2024-02-13 02:00:27 +0000 UTC info: State transition: update-after-first-commit [none] -> update-status-report [none]
Artifact details
Mender artifact:
  Name: app-4.1.0
  Format: mender
  Version: 3
  Signature: signed and verified correctly
  Compatible devices: '[raspberrypi3]'
  Provides group: 
  Depends on one of artifact(s): []
  Depends on one of group(s): []
  State scripts:
    ArtifactCommit_Leave_00_start_app
    ArtifactFailure_Leave_00_start_app
    ArtifactInstall_Enter_00_retry_later

Updates:
    0:
    Type:   directory
    Provides:
	rootfs-image.app.version: 4.1.0
    Depends:
	rootfs-image.version: 2024.01.1
    Clears Provides: ["rootfs-image.app.*"]
    Metadata: Nothing
    Files:
      name:     update.tar
      size:     26685440
      modified: 2024-02-12 15:48:43 +0000 GMT
      checksum: <redacted>
      name:     dest_dir
      size:     17
      modified: 2024-02-12 15:48:43 +0000 GMT
      checksum: <redacted>
mender.conf settings
{
    "ArtifactVerifyKey": "<redacted>",
    "Connectivity": {
    "DisableKeepAlive": false,
    "IdleConnTimeoutSeconds": 30
    },
    "RetryPollIntervalSeconds": 300,
    "InventoryPollIntervalSeconds": 28800,
    "UpdatePollIntervalSeconds": 1800,
    "ModuleTimeoutSeconds": 14400,
    "ServerURL": "<redacted>",
    "TenantToken": "<redacted>",
    "UpdateLogPath": "/data/logs/mender/updates.log",
    "DeviceTypeFile": "/data/mender/device_type",
    "StateScriptRetryIntervalSeconds": 60,
    "StateScriptRetryTimeoutSeconds": 129600
}

I am unsure of the reason device ended up in the inconsistent state. I can clearly see that ArtifactInstall step succeeded (new files were placed on a device successfully, confirmed that manually), however it failed at ArtifactCommit_Enter. As a result, no state scripts were run at states ArtifactCommit_Leave and ArtifactFailure_Leave leaving a device with a non-running application.

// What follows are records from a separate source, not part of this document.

text \<open>Eigenvalues of g^* g (real, listed in increasing order, with multiplicity):
  the squared singular values of g.\<close>
definition sq_sv :: "nat \<Rightarrow> (nat \<times> nat \<Rightarrow> complex) \<Rightarrow> (nat \<Rightarrow> real)" where
  "sq_sv n g = restrict (\<lambda>i. sorted_list_of_multiset
       (image_mset Re (proots (char_poly (mat_adjoint (to_mat n g) * to_mat n g)))) ! i) {..<n}"

definition mellin :: "(real \<Rightarrow> real) \<Rightarrow> complex \<Rightarrow> complex" where
  "mellin f s = set_lebesgue_integral lborel {0<..} (\<lambda>x. complex_of_real (f x) * complex_of_real x powr (s - 1))"

definition mellin_defined :: "(real \<Rightarrow> real) \<Rightarrow> complex \<Rightarrow> bool" where
  "mellin_defined f s \<longleftrightarrow> set_integrable lborel {0<..} (\<lambda>x. complex_of_real (f x) * complex_of_real x powr (s - 1))"

definition L1k0 :: "real set \<Rightarrow> (real \<Rightarrow> real) \<Rightarrow> bool" where
  "L1k0 I f \<longleftrightarrow> set_integrable lborel {0<..} f \<and>
      (\<forall>\<kappa>\<in>I. set_integrable lborel {0<..} (\<lambda>y. y powr (\<kappa> - 1) * f y))"

definition C_sv :: "nat \<Rightarrow> (nat \<Rightarrow> real \<Rightarrow> real) \<Rightarrow> real" where
  "C_sv n w = 1 / (fact n * Determinant.det (mat n n (\<lambda>(j,k).
       set_lebesgue_integral lborel {0<..} (\<lambda>a. a ^ k * w j a))))"

definition f_SV :: "nat \<Rightarrow> (nat \<Rightarrow> real \<Rightarrow> real) \<Rightarrow> (nat \<Rightarrow> real) \<Rightarrow> real" where
  "f_SV n w a = C_sv n w * vandermonde n a * Determinant.det (mat n n (\<lambda>(j,k). w j (a k)))"

definition pos_orthant :: "nat \<Rightarrow> (nat \<Rightarrow> real) set" where
  "pos_orthant n = {a \<in> space (lebesgue_vec n). \<forall>i<n. 0 < a i}"

definition perm_symmetric_set :: "nat \<Rightarrow> (nat \<Rightarrow> real) set \<Rightarrow> bool" where
  "perm_symmetric_set n B \<longleftrightarrow> (\<forall>p. p permutes {..<n} \<longrightarrow>
      (\<forall>a \<in> B. restrict (a \<circ> p) {..<n} \<in> B))"

text \<open>Polynomial ensemble: f_G is a bi-unitarily invariant Lebesgue probability density
  on n x n complex matrices whose (permutation-symmetric) joint density of squared
  singular values is f_SV, i.e. P(sv(X) in B) = int_B f_SV for every symmetric Borel set B.\<close>
definition polynomial_ensemble ::
  "nat \<Rightarrow> (nat \<Rightarrow> real \<Rightarrow> real) \<Rightarrow> ((nat \<times> nat \<Rightarrow> complex) \<Rightarrow> real) \<Rightarrow> bool" where
  "polynomial_ensemble n w fG \<longleftrightarrow>
     fG \<in> borel_measurable (lebesgue_mat n) \<and>
     (\<forall>g \<in> space (lebesgue_mat n). 0 \<le> fG g) \<and>
     (\<integral>\<^sup>+ g. ennreal (fG g) \<partial>lebesgue_mat n) = 1 \<and>
     bi_unitarily_invariant n fG \<and>
     (\<forall>B \<in> sets (lebesgue_vec n). perm_symmetric_set n B \<longrightarrow>
        (\<integral>\<^sup>+ g. ennreal (fG g) * indicator B (sq_sv n g) \<partial>lebesgue_mat n) =
        (\<integral>\<^sup>+ a. ennreal (f_SV n w a) * indicator (B \<inter> pos_orthant n) a \<partial>lebesgue_vec n))"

I have researched the issue a bit and came across following post: Artifact installs failing on "Tried maximum amount of times"

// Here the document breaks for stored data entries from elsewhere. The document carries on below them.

lemma inner_AtA_mult: "w \<bullet> (AtA m a *v w) = (\<Sum>l<m. (a l \<bullet> w)\<^sup>2)"
  by (simp add: AtA_mult inner_sum_right inner_commute power2_eq_square)

lemma lambda_max_AtA_nonneg: "0 \<le> lambda_max (AtA m a)"
  by (rule lambda_max_nonneg[OF transpose_AtA]) (simp add: inner_AtA_mult sum_nonneg)

lemma fobj_le_lambda_max_infdist_sq:
  assumes ne: "feas m a b \<noteq> {}" and "1 \<le> \<beta>" "\<beta> \<le> m"
  shows "2 * fobj m \<beta> a b y \<le> \<beta> / m * lambda_max (AtA m a) * (infdist y (feas m a b))\<^sup>2"
proof -
  obtain p where p: "p \<in> feas m a b" "infdist y (feas m a b) = norm (y - p)"
    using infdist_attains_inf[OF closed_feas ne] by (metis dist_norm)
  have "(\<Sum>i<m. (resid a b y i)\<^sup>2) \<le> (\<Sum>i<m. (a i \<bullet> (y - p))\<^sup>2)"
  proof (rule sum_mono)
    fix i assume "i \<in> {..<m}"
    thus "(resid a b y i)\<^sup>2 \<le> (a i \<bullet> (y - p))\<^sup>2"
      using power_mono[OF resid_le_abs_inner_diff[OF p(1)] resid_nonneg, of i y 2] by simp
  qed
  also have "\<dots> \<le> lambda_max (AtA m a) * (infdist y (feas m a b))\<^sup>2"
    using quadratic_form_le_lambda_max[OF transpose_AtA, of "y - p"] p(2) by (simp add: inner_AtA_mult)
  finally have "\<beta> / m * (\<Sum>i<m. (resid a b y i)\<^sup>2) \<le> \<beta> / m * lambda_max (AtA m a) * (infdist y (feas m a b))\<^sup>2"
    using mult_left_mono[of _ _ "real \<beta> / real m"] by (simp add: mult.assoc)
  thus ?thesis using fobj_le_sum_resid_sq[OF assms(2,3)] by (rule order_trans[rotated])
qed

section \<open>Expectation over sample sequences and the GSKM iterates\<close>

lemma sample_seqs_eq: "sample_seqs m \<beta> N = {ts. set ts \<subseteq> subsets_of m \<beta> \<and> length ts = N}"
  by (auto simp: sample_seqs_def)

lemma finite_sample_seqs: "finite (sample_seqs m \<beta> N)"
  by (simp add: sample_seqs_eq finite_lists_length_eq finite_subsets_of)

lemma card_sample_seqs: "card (sample_seqs m \<beta> N) = card (subsets_of m \<beta>) ^ N"
  by (simp add: sample_seqs_eq card_lists_length_eq finite_subsets_of)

In particular, those two comments:

Does that mean I must increase RetryPollCount? Currently, as per config above, it is not specified, so defaults to 3 * ceil(log2(RetryPollIntervalSeconds) + 1). As per mender.conf above, RetryPollIntervalSeconds is 300, meaning that RetryPollCount=3 * ceil(log2(300) + 1) => RetryPollCount=30. However, it was approx. 550 requests to retry later from a script (so approx. 550 minutes/9 hours of “delay”). Could this be the reason?

If not, what could be a potential cause of a failure in delivering an update as per scenario above?

Looking forward to hearing from you soon.

LE Could it be ModuleTimeoutSeconds?